EXERCISE INSTRUCTIONS:
Copy exactly the lines of the records below, and only those lines, beginning with the line that contains "WB sin_half_pos[of 1]" and ending with the line that contains "define X where".
+ + + + + + +
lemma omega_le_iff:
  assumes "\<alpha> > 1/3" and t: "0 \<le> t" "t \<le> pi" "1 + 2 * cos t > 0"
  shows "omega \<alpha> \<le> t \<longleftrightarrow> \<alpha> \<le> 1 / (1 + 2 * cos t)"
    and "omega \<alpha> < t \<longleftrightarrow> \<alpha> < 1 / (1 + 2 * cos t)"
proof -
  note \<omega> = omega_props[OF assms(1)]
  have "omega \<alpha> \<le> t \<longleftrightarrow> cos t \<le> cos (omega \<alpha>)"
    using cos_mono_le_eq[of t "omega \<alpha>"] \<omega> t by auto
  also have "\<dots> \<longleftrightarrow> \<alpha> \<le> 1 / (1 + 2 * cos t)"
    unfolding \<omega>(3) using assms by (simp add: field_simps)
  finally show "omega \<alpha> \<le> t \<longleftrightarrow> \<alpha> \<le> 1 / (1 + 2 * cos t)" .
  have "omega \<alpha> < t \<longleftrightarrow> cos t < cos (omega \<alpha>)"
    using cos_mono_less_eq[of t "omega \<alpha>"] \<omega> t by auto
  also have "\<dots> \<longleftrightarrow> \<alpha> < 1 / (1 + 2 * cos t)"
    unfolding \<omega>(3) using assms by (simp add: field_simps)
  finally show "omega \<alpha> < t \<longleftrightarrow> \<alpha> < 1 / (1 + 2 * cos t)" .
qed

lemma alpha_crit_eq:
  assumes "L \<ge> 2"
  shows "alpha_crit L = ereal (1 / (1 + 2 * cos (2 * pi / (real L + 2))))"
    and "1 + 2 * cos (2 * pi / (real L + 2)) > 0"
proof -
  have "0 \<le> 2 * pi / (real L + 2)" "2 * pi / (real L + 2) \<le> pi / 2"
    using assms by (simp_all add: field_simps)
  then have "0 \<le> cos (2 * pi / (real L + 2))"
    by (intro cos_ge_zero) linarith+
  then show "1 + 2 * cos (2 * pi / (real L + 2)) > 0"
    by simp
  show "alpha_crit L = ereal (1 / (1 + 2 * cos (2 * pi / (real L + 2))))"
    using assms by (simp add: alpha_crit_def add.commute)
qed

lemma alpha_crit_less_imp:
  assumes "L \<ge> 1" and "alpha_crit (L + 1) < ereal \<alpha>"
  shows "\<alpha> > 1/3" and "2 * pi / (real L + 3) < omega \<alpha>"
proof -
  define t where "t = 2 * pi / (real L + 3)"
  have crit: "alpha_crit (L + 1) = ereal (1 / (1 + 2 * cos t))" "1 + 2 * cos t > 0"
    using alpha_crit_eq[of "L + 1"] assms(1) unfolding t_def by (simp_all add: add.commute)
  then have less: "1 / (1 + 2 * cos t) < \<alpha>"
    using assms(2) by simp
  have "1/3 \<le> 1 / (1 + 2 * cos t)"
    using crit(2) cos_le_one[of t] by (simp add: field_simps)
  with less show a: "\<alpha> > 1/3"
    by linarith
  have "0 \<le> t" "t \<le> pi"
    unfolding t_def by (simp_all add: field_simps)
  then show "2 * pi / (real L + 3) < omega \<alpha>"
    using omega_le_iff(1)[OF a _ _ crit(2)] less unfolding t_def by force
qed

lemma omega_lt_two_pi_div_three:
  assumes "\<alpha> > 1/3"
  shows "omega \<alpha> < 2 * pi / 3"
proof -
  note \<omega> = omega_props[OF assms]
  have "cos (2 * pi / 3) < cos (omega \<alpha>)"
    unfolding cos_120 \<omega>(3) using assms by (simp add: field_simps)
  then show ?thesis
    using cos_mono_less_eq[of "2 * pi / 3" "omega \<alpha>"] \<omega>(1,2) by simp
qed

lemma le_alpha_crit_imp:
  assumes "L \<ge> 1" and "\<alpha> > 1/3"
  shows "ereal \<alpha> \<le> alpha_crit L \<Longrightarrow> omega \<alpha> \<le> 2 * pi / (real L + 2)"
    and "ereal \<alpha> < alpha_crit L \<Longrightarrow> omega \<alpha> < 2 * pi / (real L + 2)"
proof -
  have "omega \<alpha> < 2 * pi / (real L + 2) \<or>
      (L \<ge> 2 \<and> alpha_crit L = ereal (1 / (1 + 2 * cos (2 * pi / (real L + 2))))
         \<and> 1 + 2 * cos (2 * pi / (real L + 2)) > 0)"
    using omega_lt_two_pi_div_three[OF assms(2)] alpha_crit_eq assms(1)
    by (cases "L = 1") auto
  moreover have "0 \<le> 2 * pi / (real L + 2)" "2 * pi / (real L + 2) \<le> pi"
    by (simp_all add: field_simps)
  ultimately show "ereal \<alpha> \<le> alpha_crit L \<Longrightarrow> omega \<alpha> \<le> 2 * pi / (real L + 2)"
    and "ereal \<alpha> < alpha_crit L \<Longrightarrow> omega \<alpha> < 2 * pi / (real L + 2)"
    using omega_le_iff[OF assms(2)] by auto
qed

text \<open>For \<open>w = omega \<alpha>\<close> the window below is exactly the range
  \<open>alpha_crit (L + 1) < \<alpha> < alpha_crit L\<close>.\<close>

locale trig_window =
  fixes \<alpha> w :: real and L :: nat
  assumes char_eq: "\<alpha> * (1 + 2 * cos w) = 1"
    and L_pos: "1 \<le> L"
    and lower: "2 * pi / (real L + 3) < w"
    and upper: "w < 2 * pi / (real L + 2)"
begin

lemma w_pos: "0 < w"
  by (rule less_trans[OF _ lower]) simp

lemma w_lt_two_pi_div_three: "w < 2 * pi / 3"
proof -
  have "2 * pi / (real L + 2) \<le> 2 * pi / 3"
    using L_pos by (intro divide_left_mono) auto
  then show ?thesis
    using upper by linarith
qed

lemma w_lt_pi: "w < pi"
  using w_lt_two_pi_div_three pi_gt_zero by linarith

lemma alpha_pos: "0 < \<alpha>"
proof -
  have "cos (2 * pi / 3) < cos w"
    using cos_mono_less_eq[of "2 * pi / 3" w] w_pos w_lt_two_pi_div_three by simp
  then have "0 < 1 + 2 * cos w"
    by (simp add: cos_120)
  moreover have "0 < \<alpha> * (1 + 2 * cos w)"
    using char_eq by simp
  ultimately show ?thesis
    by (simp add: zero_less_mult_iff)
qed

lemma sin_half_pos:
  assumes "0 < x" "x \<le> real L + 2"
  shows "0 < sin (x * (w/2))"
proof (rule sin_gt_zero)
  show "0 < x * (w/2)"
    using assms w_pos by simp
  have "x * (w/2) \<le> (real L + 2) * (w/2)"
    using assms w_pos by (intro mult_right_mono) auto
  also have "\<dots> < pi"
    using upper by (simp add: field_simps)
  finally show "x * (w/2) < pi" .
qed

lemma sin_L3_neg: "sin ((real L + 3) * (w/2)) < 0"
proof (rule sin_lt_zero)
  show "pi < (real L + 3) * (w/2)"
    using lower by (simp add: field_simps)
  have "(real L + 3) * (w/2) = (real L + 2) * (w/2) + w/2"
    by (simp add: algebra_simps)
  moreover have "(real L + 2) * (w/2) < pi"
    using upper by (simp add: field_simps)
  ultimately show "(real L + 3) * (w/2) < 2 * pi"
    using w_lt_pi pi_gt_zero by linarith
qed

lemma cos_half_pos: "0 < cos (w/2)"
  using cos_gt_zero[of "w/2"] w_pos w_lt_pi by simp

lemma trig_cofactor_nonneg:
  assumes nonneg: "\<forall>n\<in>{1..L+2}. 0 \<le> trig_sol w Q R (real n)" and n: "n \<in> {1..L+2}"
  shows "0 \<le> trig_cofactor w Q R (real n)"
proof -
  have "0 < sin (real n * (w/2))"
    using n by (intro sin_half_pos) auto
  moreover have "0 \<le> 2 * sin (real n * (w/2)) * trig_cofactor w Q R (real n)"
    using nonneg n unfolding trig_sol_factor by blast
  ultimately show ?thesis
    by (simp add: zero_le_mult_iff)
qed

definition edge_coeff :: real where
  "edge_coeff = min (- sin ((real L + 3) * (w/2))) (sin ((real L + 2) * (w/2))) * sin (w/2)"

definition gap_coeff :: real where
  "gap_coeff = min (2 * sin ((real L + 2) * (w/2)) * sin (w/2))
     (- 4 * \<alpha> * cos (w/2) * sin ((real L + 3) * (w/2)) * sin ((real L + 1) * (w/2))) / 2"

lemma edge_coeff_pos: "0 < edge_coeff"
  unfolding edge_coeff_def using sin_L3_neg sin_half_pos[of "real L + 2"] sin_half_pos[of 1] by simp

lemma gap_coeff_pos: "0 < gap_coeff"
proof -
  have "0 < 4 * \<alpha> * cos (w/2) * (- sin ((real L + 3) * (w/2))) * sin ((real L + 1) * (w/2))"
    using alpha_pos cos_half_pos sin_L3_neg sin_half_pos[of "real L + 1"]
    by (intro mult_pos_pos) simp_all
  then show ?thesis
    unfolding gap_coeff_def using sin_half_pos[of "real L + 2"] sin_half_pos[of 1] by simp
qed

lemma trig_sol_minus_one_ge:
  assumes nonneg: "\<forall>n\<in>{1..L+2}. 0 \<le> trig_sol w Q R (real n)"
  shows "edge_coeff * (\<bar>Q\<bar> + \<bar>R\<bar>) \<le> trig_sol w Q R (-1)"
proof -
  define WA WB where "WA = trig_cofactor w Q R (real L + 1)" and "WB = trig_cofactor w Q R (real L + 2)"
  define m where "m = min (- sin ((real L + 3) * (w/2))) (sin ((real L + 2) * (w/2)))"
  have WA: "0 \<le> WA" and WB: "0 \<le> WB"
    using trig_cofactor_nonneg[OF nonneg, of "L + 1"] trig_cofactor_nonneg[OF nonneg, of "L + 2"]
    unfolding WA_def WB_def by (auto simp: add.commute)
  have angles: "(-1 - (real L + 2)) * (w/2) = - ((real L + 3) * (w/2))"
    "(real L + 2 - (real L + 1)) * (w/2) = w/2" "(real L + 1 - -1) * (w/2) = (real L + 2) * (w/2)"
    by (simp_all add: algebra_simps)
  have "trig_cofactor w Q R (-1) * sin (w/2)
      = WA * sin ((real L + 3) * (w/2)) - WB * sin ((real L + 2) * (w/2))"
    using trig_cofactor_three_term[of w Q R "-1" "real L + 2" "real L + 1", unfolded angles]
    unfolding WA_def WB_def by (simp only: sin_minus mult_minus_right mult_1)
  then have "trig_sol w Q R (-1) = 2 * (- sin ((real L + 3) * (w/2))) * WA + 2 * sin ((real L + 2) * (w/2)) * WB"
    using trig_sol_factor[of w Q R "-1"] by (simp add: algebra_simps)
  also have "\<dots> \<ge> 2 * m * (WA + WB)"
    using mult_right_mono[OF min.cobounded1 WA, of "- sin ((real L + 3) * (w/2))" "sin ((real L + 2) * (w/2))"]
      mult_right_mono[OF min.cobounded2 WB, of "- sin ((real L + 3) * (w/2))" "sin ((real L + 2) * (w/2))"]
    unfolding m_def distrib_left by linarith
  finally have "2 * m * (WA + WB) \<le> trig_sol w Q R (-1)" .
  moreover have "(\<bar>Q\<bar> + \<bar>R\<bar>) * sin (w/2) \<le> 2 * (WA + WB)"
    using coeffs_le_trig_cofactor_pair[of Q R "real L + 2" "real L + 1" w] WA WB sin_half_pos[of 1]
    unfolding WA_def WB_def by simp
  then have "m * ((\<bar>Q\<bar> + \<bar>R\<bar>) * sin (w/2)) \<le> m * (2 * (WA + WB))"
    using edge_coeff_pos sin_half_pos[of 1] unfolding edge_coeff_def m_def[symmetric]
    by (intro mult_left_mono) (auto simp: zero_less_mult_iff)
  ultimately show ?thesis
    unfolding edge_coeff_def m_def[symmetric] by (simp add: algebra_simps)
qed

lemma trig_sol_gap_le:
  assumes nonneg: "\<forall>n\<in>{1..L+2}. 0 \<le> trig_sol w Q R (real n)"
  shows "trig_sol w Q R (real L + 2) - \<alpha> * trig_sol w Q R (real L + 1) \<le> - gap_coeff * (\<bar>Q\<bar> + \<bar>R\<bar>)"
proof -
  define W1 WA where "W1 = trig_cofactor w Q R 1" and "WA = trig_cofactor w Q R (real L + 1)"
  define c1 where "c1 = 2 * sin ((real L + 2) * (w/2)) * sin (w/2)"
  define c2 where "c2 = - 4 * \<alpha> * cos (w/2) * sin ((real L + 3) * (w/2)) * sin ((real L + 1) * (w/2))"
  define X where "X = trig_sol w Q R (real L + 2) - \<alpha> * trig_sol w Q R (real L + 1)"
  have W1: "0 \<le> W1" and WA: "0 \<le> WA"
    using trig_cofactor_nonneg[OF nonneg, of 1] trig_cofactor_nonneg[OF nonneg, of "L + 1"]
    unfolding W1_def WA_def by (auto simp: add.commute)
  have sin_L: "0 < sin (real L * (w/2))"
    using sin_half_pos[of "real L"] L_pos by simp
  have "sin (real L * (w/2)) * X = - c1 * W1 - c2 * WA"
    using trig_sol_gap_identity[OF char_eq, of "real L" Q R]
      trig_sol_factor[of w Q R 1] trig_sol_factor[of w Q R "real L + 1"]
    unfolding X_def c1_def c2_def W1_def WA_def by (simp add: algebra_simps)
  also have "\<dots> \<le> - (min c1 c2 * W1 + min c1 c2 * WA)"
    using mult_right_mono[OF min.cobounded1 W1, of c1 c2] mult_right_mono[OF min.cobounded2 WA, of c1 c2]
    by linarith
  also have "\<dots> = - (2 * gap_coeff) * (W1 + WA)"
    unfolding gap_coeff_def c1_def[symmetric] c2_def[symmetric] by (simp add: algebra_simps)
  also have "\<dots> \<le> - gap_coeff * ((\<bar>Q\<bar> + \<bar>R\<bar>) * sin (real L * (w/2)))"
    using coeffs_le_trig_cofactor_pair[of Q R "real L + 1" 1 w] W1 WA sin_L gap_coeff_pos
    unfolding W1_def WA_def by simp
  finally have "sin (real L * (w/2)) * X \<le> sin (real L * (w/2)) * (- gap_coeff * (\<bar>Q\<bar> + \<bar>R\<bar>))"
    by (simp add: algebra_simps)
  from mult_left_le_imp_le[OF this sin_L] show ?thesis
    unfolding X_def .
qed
+ + + + + + +
RESPONSE TO THE TASK:
    using coeffs_le_trig_cofactor_pair[of Q R "real L + 2" "real L + 1" w] WA WB sin_half_pos[of 1]
    unfolding WA_def WB_def by simp
  then have "m * ((\<bar>Q\<bar> + \<bar>R\<bar>) * sin (w/2)) \<le> m * (2 * (WA + WB))"
    using edge_coeff_pos sin_half_pos[of 1] unfolding edge_coeff_def m_def[symmetric]
    by (intro mult_left_mono) (auto simp: zero_less_mult_iff)
  ultimately show ?thesis
    unfolding edge_coeff_def m_def[symmetric] by (simp add: algebra_simps)
qed

lemma trig_sol_gap_le:
  assumes nonneg: "\<forall>n\<in>{1..L+2}. 0 \<le> trig_sol w Q R (real n)"
  shows "trig_sol w Q R (real L + 2) - \<alpha> * trig_sol w Q R (real L + 1) \<le> - gap_coeff * (\<bar>Q\<bar> + \<bar>R\<bar>)"
proof -
  define W1 WA where "W1 = trig_cofactor w Q R 1" and "WA = trig_cofactor w Q R (real L + 1)"
  define c1 where "c1 = 2 * sin ((real L + 2) * (w/2)) * sin (w/2)"
  define c2 where "c2 = - 4 * \<alpha> * cos (w/2) * sin ((real L + 3) * (w/2)) * sin ((real L + 1) * (w/2))"
  define X where "X = trig_sol w Q R (real L + 2) - \<alpha> * trig_sol w Q R (real L + 1)"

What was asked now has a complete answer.